Are you thinking about tying loyalty to in-store marketing tactics like sampling or testers?
Trying beauty is experiential. Our brand partners are very focused on what trial and sampling look like moving forward, but I think the short answer is that there is going to be more adoption of our [virtual app] Glam Lab, so we need to understand how to incorporate more storytelling and content opportunities there.
What we’re watching
Support for Black Lives Matter may have surged following George Floyd’s killing in May, but public support has waned since late summer. Despite many companies in beauty and wellness making lofty proclamations around corporate structure, few have made actual change.
However, on the eve of Martin Luther King Jr. Day, some brands came out with new initiatives: Sephora released its Racial Bias in Retail study, and plans to unveil new feedback mechanisms for customers leaving the store and an in-store dashboard that will help the company capture analytics on client service. It also plans to double its assortment of Black-owned brands by the end of 2021; currently, it only stocks eight. Ipsy also made commitments to diverse shoppers by adding more Black-owned beauty brands to its Glam Bags, including Fenty Beauty, Mented, Pat McGrath Labs and Uoma Beauty. In addition, it’s creating a $1 million fund for Black-owned brands to invest in product sourcing.
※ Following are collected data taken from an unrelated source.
lemma Exp_le_sqrt_Exp_square: "Exp A f \<le> sqrt (Exp A (\<lambda>x. (f x)\<^sup>2))"
proof -
  have card: "real (card A) > 0" using finite nonempty by (simp add: card_gt_0_iff)
  have "(\<Sum>x\<in>A. f x * 1)\<^sup>2 \<le> (\<Sum>x\<in>A. (f x)\<^sup>2) * (\<Sum>x\<in>A. 1\<^sup>2)"
    by (rule Cauchy_Schwarz_ineq_sum)
  then have "((\<Sum>x\<in>A. f x) / real (card A))\<^sup>2 \<le> (\<Sum>x\<in>A. (f x)\<^sup>2) / real (card A)"
    using card by (simp add: power_divide field_simps power2_eq_square)
  then have "(Exp A f)\<^sup>2 \<le> Exp A (\<lambda>x. (f x)\<^sup>2)"
    using finite nonempty by (simp add: Exp_eq_average)
  then show ?thesis using real_le_rsqrt by blast
qed

text \<open>This is where the independence of successive samples enters.\<close>

lemma Exp_lists_of_length_Suc:
  "Exp (lists_of_length A (Suc k)) f = Exp (lists_of_length A k) (\<lambda>xs. Exp A (\<lambda>x. f (x # xs)))"
proof -
  have lists: "finite (lists_of_length A k)" "lists_of_length A k \<noteq> {}"
    "finite (lists_of_length A (Suc k))" "lists_of_length A (Suc k) \<noteq> {}"
    using finite nonempty finite_lists_of_length lists_of_length_nonempty by blast+
  have card: "real (card A) > 0" using finite nonempty by (simp add: card_gt_0_iff)
  have "Exp (lists_of_length A (Suc k)) f
      = (\<Sum>x\<in>A. \<Sum>xs\<in>lists_of_length A k. f (x # xs)) / (real (card A) * real (card A) ^ k)"
    using lists finite by (simp add: Exp_eq_average sum_lists_of_length_Suc card_lists_of_length)
  also have "\<dots> = (\<Sum>xs\<in>lists_of_length A k. (\<Sum>x\<in>A. f (x # xs)) / real (card A)) / real (card A) ^ k"
    using card by (simp add: sum.swap[of _ A] sum_divide_distrib[symmetric] field_simps)
  also have "\<dots> = Exp (lists_of_length A k) (\<lambda>xs. Exp A (\<lambda>x. f (x # xs)))"
    using lists finite nonempty by (simp add: Exp_eq_average card_lists_of_length)
  finally show ?thesis .
qed

end

section \<open>Variance of the subsampled Hessian\<close>

text \<open>The cross terms of the sum of independent draws cancel because \<open>D\<close> is centred.\<close>

lemma sum_samples_norm_sum_list_square:
  fixes D :: "nat \<Rightarrow> real^'n"
  assumes centred: "(\<Sum>i<N. D i) = 0"
  shows "real N * (\<Sum>S\<in>samples N b. (norm (sum_list (map D S)))\<^sup>2)
         = real b * real N ^ b * (\<Sum>i<N. (norm (D i))\<^sup>2)"
proof (induction b)
  case 0 then show ?case by (simp add: samples_eq_lists_of_length)
next
  case (Suc b)
  let ?v = "\<lambda>S. sum_list (map D S)"
  let ?A = "samples N b"
  have card: "card ?A = N ^ b" by (simp add: samples_eq_lists_of_length card_lists_of_length)
  have "(\<Sum>S\<in>samples N (Suc b). (norm (?v S))\<^sup>2) = (\<Sum>i<N. \<Sum>S\<in>?A. (norm (D i + ?v S))\<^sup>2)"
    unfolding samples_eq_lists_of_length by (simp add: sum_lists_of_length_Suc)
  also have "\<dots> = (\<Sum>i<N. \<Sum>S\<in>?A. (norm (D i))\<^sup>2 + 2 * (D i \<bullet> ?v S) + (norm (?v S))\<^sup>2)"
    by (simp add: power2_norm_eq_inner inner_add_left inner_add_right inner_commute algebra_simps)
  also have "\<dots> = (\<Sum>i<N. real (N ^ b) * (norm (D i))\<^sup>2) + 2 * ((\<Sum>i<N. D i) \<bullet> (\<Sum>S\<in>?A. ?v S))
      + real N * (\<Sum>S\<in>?A. (norm (?v S))\<^sup>2)"
    using sum.swap[where A="{..<N}" and B="?A" and g="\<lambda>i S. D i \<bullet> ?v S"]
    by (simp add: sum.distrib card sum_distrib_left[symmetric] inner_sum_left inner_sum_right)
  also have "\<dots> = real (Suc b) * real N ^ b * (\<Sum>i<N. (norm (D i))\<^sup>2)"
    using Suc centred by (simp add: sum_distrib_left algebra_simps)
  finally show ?case by (simp add: algebra_simps)
qed

lemma sum_deviation_from_favg:
  "N \<ge> 1 \<Longrightarrow> (\<Sum>i<N. f i - favg N f) = (0::'a::real_vector)"
  by (simp add: favg_def sum_subtractf sum_constant_scaleR)

lemma subHess_minus_matrix_vector_mult:
  assumes "length S \<ge> 1"
  shows "(subHess H S w - C) *v x = (1 / real (length S)) *\<^sub>R sum_list (map (\<lambda>i. (H i w - C) *v x) S)"
proof -
  have "S \<noteq> []" using assms by auto
  moreover have "sum_list (map (\<lambda>i. (H i w - C) *v x) S)
      = sum_list (map (\<lambda>i. H i w *v x) S) - real (length S) *\<^sub>R (C *v x)"
    by (induction S) (simp_all add: matrix_vector_mult_diff_rdistrib algebra_simps)
  ultimately show ?thesis
    by (simp add: subHess_def matrix_vector_mult_diff_rdistrib sum_list_matrix_vector_mult
        scaleR_matrix_vector_assoc[symmetric] scaleR_diff_right)
qed

lemma sum_norm_square_le_opnorm_favg_square:
  assumes "N \<ge> 1" "\<And>i. i < N \<Longrightarrow> symmetric_matrix (B i)"
  shows "(\<Sum>i<N. (norm (B i *v x))\<^sup>2) \<le> real N * (opnorm (favg N (\<lambda>i. B i ** B i)) * (norm x)\<^sup>2)"
proof -
  have "x \<bullet> (favg N (\<lambda>i. B i ** B i) *v x) \<le> norm x * norm (favg N (\<lambda>i. B i ** B i) *v x)"
    by (rule norm_cauchy_schwarz)
  also have "\<dots> \<le> norm x * (opnorm (favg N (\<lambda>i. B i ** B i)) * norm x)"
    by (intro mult_left_mono norm_matrix_vector_le_opnorm) simp
  finally have quadratic_form:
    "x \<bullet> (favg N (\<lambda>i. B i ** B i) *v x) \<le> opnorm (favg N (\<lambda>i. B i ** B i)) * (norm x)\<^sup>2"
    by (simp add: power2_eq_square algebra_simps)
  have "(\<Sum>i<N. (norm (B i *v x))\<^sup>2) = (\<Sum>i<N. x \<bullet> ((B i ** B i) *v x))"
    using assms(2) unfolding symmetric_matrix_def
    by (intro sum.cong) (simp_all add: power2_norm_eq_inner matrix_vector_mul_assoc[symmetric])
  also have "\<dots> = real N * (x \<bullet> (favg N (\<lambda>i. B i ** B i) *v x))"
    using assms(1) by (simp add: favg_matrix_vector_mult inner_favg_right)
  also have "\<dots> \<le> real N * (opnorm (favg N (\<lambda>i. B i ** B i)) * (norm x)\<^sup>2)"
    using quadratic_form by (rule mult_left_mono) simp
  finally show ?thesis .
qed

lemma Exp_norm_subHess_deviation_le:
  fixes H :: "nat \<Rightarrow> 'x \<Rightarrow> real^'n^'n" and w :: 'x and N b :: nat
  defines "Hw \<equiv> favg N (\<lambda>i. H i w)"
  assumes N: "N \<ge> 1" and b: "b \<ge> 1" and sigma: "0 \<le> \<sigma>"
    and symm: "\<And>i. i < N \<Longrightarrow> symmetric_matrix (H i w)"
    and var: "opnorm (favg N (\<lambda>i. (H i w - Hw) ** (H i w - Hw))) \<le> \<sigma>\<^sup>2"
  shows "Exp (samples N b) (\<lambda>S. norm ((subHess H S w - Hw) *v x)) \<le> \<sigma> / sqrt (real b) * norm x"
proof -
  define D where "D i = (H i w - Hw) *v x" for i
  define v where "v S = sum_list (map D S)" for S
  have "{..<N} \<noteq> {}" using N by (simp add: lessThan_empty_iff)
  then have samples: "finite (samples N b)" "samples N b \<noteq> {}"
    by (simp_all add: samples_eq_lists_of_length finite_lists_of_length lists_of_length_nonempty)
  have card: "card (samples N b) = N ^ b"
    by (simp add: samples_eq_lists_of_length card_lists_of_length)
  have "(\<Sum>i<N. D i) = (\<Sum>i<N. H i w - Hw) *v x"
    by (simp add: D_def sum_matrix_vector_mult)
  then have centred: "(\<Sum>i<N. D i) = 0"
    using N by (simp add: Hw_def sum_deviation_from_favg matrix_vector_mult_0)
  have "(\<Sum>i<N. (norm (D i))\<^sup>2) \<le> real N * (opnorm (favg N (\<lambda>i. (H i w - Hw) ** (H i w - Hw))) * (norm x)\<^sup>2)"
    unfolding D_def using N symm symmetric_matrix_favg[of N "\<lambda>i. H i w"]
    by (intro sum_norm_square_le_opnorm_favg_square) (auto simp: Hw_def symmetric_matrix_diff)
  also have "\<dots> \<le> real N * (\<sigma>\<^sup>2 * (norm x)\<^sup>2)"
    using var by (intro mult_left_mono mult_right_mono) auto
  finally have sum_D: "(\<Sum>i<N. (norm (D i))\<^sup>2) \<le> real N * (\<sigma>\<^sup>2 * (norm x)\<^sup>2)" .
  have "Exp (samples N b) (\<lambda>S. (norm (v S))\<^sup>2) = real b * ((\<Sum>i<N. (norm (D i))\<^sup>2) / real N)"
    using sum_samples_norm_sum_list_square[OF centred, of b] samples card N
    by (simp add: Exp_eq_average v_def field_simps)
  also have "\<dots> \<le> real b * (\<sigma>\<^sup>2 * (norm x)\<^sup>2)"
    using sum_D N by (intro mult_left_mono) (simp_all add: field_simps)
  finally have second_moment: "Exp (samples N b) (\<lambda>S. (norm (v S))\<^sup>2) \<le> real b * (\<sigma>\<^sup>2 * (norm x)\<^sup>2)" .
  have "Exp (samples N b) (\<lambda>S. norm ((subHess H S w - Hw) *v x)) = Exp (samples N b) (\<lambda>S. (1 / real b) * norm (v S))"
    using b unfolding Exp_eq_average[OF samples]
    by (intro arg_cong2[where f="(/)"] sum.cong)
      (auto simp: samples_def subHess_minus_matrix_vector_mult v_def D_def[abs_def])
  also have "\<dots> = (1 / real b) * Exp (samples N b) (\<lambda>S. norm (v S))"
    by (rule Exp_cmult[OF samples])
  also have "\<dots> \<le> (1 / real b) * sqrt (real b * (\<sigma>\<^sup>2 * (norm x)\<^sup>2))"
    using Exp_le_sqrt_Exp_square[OF samples] second_moment
    by (intro mult_left_mono) (auto intro: order_trans real_sqrt_le_mono)
  also have "\<dots> = \<sigma> / sqrt (real b) * norm x"
    using b sigma by (simp add: real_sqrt_mult field_simps real_sqrt_divide)
  finally show ?thesis .
qed

section \<open>One inexact Newton step\<close>

lemma inexact_newton_step_error_le:
  fixes A Hw :: "real^'n^'n"
  assumes coercive: "\<And>v. m * norm v \<le> norm (A *v v)"
    and taylor: "norm (g - Hw *v e) \<le> M / 2 * (norm e)\<^sup>2"
    and grad_bound: "norm g \<le> L * norm e"
    and grad_zero: "g = 0 \<Longrightarrow> e = 0"
    and residual: "norm (A *v q + g) \<le> \<zeta> * norm g"
  shows "m * norm (e + q) \<le> norm ((A - Hw) *v e) + M / 2 * (norm e)\<^sup>2 + L * \<zeta> * norm e"
proof -
  have residual_bound: "\<zeta> * norm g \<le> L * \<zeta> * norm e"
  proof (cases "\<zeta> \<ge> 0")
    case True
    then show ?thesis using mult_left_mono[OF grad_bound True] by (simp add: algebra_simps)
  next
    case False
    have "0 \<le> \<zeta> * norm g" using norm_ge_zero residual by (rule order_trans)
    then have "g = 0" using False by (simp add: zero_le_mult_iff)
    then show ?thesis using grad_zero by simp
  qed
  have decomposition: "A *v (e + q) = ((A - Hw) *v e + (Hw *v e - g)) + (A *v q + g)"
    by (simp add: matrix_vector_right_distrib matrix_vector_mult_diff_rdistrib algebra_simps)
  have "norm (A *v (e + q)) \<le> norm ((A - Hw) *v e) + norm (Hw *v e - g) + norm (A *v q + g)"
    unfolding decomposition using norm_triangle_ineq[of "(A - Hw) *v e" "Hw *v e - g"]
      norm_triangle_ineq[of "(A - Hw) *v e + (Hw *v e - g)" "A *v q + g"] by linarith
  then show ?thesis
    using coercive[of "e + q"] taylor residual residual_bound norm_minus_commute[of g "Hw *v e"]
    by linarith
qed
“I can’t criticize or be mad at anyone for voicing support for this cause, no matter how ‘convenient” the time may seem. This happens every year leading up to Black History Month – we see this push — when the conversation is most topical,” said Uoma Beauty and Pull Up for Change founder Sharon Chuter.
Since launching Pull Up for Change on June 3, Chuter has been focused on making sure accountability happens across industries. The organization will be launching a new social campaign in February.
“I don’t care what the motivation is, I care about the action. I want to see the steps you are taking, how you are continuing the work. We shouldn’t shame those who are speaking out, regardless of the timing, when so many brands, especially in the fashion industry, remain silent,” she said. “They sign pledges that have little meaning, instead of doing the work to make meaningful change. I welcome anyone who’s making any change and releasing any reports, because it takes some vulnerability — and that’s important.”